Among the records that follow, set down only the lines from the one containing "hist G. \<not>" to the one containing "h | h. nonterm_hist", both included, exactly.

LISTED ENTRIES:

□ □ □ □ □

(* Consider a finite game in extensive form with perfect recall whose information sets are ordered by a precedence relation. For any initial profile $\bar\beta^1$ of full-support belief systems, the set of terminal histories reached by profiles of strong level-1 strategies coincides with the set of terminal histories reached by profiles of backward level-1 strategies: $Z(\bar L^1(\bar\beta^1))=Z(\vec L^1(\bar\beta^1))$.
   Context: Setting: a finite extensive-form game with finite player set $N$, possibly moves of nature (treated as a player with singleton information sets), finite horizon and perfect recall; information sets of all players are partially ordered by precedence ($I\preceq I'$ if $I$ precedes $I'$). $Z$ is the set of terminal histories, $u_i:Z\to\mathbb R$ player $i$'s utility, $\mathcal I_i$ player $i$'s information sets, $S_i$ her strategies (maps assigning an available action to each $I_i$), $S_{-i}$ the product of other players' and nature's strategy sets, $z(s)$ the terminal history reached by $s$. A profile $s_{-i}$ reaches $I_i$ if some $s_i$ makes $(s_i,s_{-i})$ reach $I_i$; $s_i$ reaches $I_i$ if some $s_{-i}$ makes $(s_i,s_{-i})$ reach $I_i$; $S_{-i}(I_i)$ is the set of $s_{-i}$ reaching $I_i$. For sets $X_j\subseteq S_j$, $Z(\times_{j\in N}X_j)=\{z(s):s_j\in X_j\ \forall j\in N,\ s_c\in S_c\}$. A belief system $\bar\beta_i$ gives for each $I_i$ a belief $\bar\beta_i(I_i)\in\Delta(S_{-i})$ with $\bar\beta_i(I_i)(S_{-i}(I_i))=1$, updated by conditioning whenever possible along preceding information sets; it is full-support if each $\bar\beta_i(I_i)$ gives positive probability to every element of $S_{-i}(I_i)$. $s_i'$ is an $I_i$-replacement of $s_i$ if it agrees with $s_i$ on information sets strictly preceding $I_i$. $s_i$ is rational at $I_i$ given $\bar\beta_i(I_i)$ if $s_i$ does not reach $I_i$ or no $I_i$-replacement of $s_i$ yields strictly higher expected utility with respect to $\bar\beta_i(I_i)$. Continuation strategy: $s_{i\mid I_i}$ is the restriction of $s_i$ to information sets $I'\in\mathcal I_i$ with $I_i\preceq I'$. $s_{i\mid I_i}$ is rational at $I_i$ given $\bar\beta_i(I_i)$ if a strategy that reaches $I_i$ and coincides with $s_i$ on information sets $I'$ with $I_i\preceq I'$ is rational at $I_i$ given $\bar\beta_i(I_i)$ (i.e., the continuation play from $I_i$ is optimal regardless of whether $s_i$ itself reaches $I_i$). Strong level-1: $\bar L_i^1(\bar\beta^1)=\{s_i: s_i\text{ is rational at every } I_i\in\mathcal I_i \text{ given } \bar\beta^1_i(I_i)\}$. Backward level-1: $\vec L_i^1(\bar\beta^1)=\{s_i: \text{for every } I_i\in\mathcal I_i,\ s_{i\mid I_i}\text{ is rational at } I_i\text{ given }\bar\beta_i^1(I_i)\}$. $\bar L^1=\times_{i\in N}\bar L^1_i$, $\vec L^1=\times_{i\in N}\vec L^1_i$. *)

theory Defs
  imports "HOL-Probability.Probability_Mass_Function" "HOL-Library.Sublist" "HOL-Library.FuncSet"
begin

record ('p, 'a) efg =
  players :: "'p set"
  nature  :: 'p
  hist    :: "'a list set"
  turn    :: "'a list \<Rightarrow> 'p"
  infoset :: "'a list \<Rightarrow> 'a list set"

type_synonym ('p, 'a) strat = "'a list set \<Rightarrow> 'a"
type_synonym ('p, 'a) profile = "'p \<Rightarrow> ('p, 'a) strat"

definition agents :: "('p,'a) efg \<Rightarrow> 'p set" where
  "agents G = insert (nature G) (players G)"

definition nonterm_hist :: "('p,'a) efg \<Rightarrow> 'a list \<Rightarrow> bool" where
  "nonterm_hist G h \<longleftrightarrow> h \<in> hist G \<and> (\<exists>a. h @ [a] \<in> hist G)"

definition terminals :: "('p,'a) efg \<Rightarrow> 'a list set" where
  "terminals G = {h \<in> hist G. \<not> (\<exists>a. h @ [a] \<in> hist G)}"

definition avail :: "('p,'a) efg \<Rightarrow> 'a list set \<Rightarrow> 'a set" where
  "avail G I = {a. \<exists>h\<in>I. h @ [a] \<in> hist G}"

definition infosets :: "('p,'a) efg \<Rightarrow> 'p \<Rightarrow> 'a list set set" where
  "infosets G i = {infoset G h | h. nonterm_hist G h \<and> turn G h = i}"

definition all_infosets :: "('p,'a) efg \<Rightarrow> 'a list set set" where
  "all_infosets G = (\<Union>i\<in>agents G. infosets G i)"

definition precedes :: "'a list set \<Rightarrow> 'a list set \<Rightarrow> bool" where
  "precedes I I' \<longleftrightarrow> (\<exists>h\<in>I. \<exists>h'\<in>I'. prefix h h')"

definition strictly_precedes :: "'a list set \<Rightarrow> 'a list set \<Rightarrow> bool" where
  "strictly_precedes I I' \<longleftrightarrow> (\<exists>h\<in>I. \<exists>h'\<in>I'. strict_prefix h h')"

definition experience :: "('p,'a) efg \<Rightarrow> 'p \<Rightarrow> 'a list \<Rightarrow> ('a list set \<times> 'a) list" where
  "experience G i h =
     map (\<lambda>k. (infoset G (take k h), h ! k)) (filter (\<lambda>k. turn G (take k h) = i) [0..<length h])"

definition perfect_recall :: "('p,'a) efg \<Rightarrow> bool" where
  "perfect_recall G \<longleftrightarrow>
     (\<forall>i\<in>players G. \<forall>h. nonterm_hist G h \<and> turn G h = i \<longrightarrow>
        (\<forall>h'\<in>infoset G h. experience G i h' = experience G i h))"

definition wf_game :: "('p,'a) efg \<Rightarrow> bool" where
  "wf_game G \<longleftrightarrow>
     finite (players G) \<and> nature G \<notin> players G \<and>
     finite (hist G) \<and> [] \<in> hist G \<and>
     (\<forall>h\<in>hist G. \<forall>h'. prefix h' h \<longrightarrow> h' \<in> hist G) \<and>
     (\<forall>h. nonterm_hist G h \<longrightarrow>
        turn G h \<in> agents G \<and> h \<in> infoset G h \<and>
        (\<forall>h'\<in>infoset G h. nonterm_hist G h' \<and> turn G h' = turn G h \<and>
            infoset G h' = infoset G h \<and>
            {a. h' @ [a] \<in> hist G} = {a. h @ [a] \<in> hist G}) \<and>
        (turn G h = nature G \<longrightarrow> infoset G h = {h})) \<and>
     perfect_recall G \<and>
     partial_order_on (all_infosets G)
       {(I, I'). I \<in> all_infosets G \<and> I' \<in> all_infosets G \<and> precedes I I'}"

definition strategies :: "('p,'a) efg \<Rightarrow> 'p \<Rightarrow> ('p,'a) strat set" where
  "strategies G i = (\<Pi>\<^sub>E I\<in>infosets G i. avail G I)"

definition others :: "('p,'a) efg \<Rightarrow> 'p \<Rightarrow> ('p,'a) profile set" where
  "others G i = (\<Pi>\<^sub>E j\<in>agents G - {i}. strategies G j)"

□ □ □ □ □

EXERCISE OUTPUT:
  "terminals G = {h \<in> hist G. \<not> (\<exists>a. h @ [a] \<in> hist G)}"

definition avail :: "('p,'a) efg \<Rightarrow> 'a list set \<Rightarrow> 'a set" where
  "avail G I = {a. \<exists>h\<in>I. h @ [a] \<in> hist G}"

definition infosets :: "('p,'a) efg \<Rightarrow> 'p \<Rightarrow> 'a list set set" where
  "infosets G i = {infoset G h | h. nonterm_hist G h \<and> turn G h = i}"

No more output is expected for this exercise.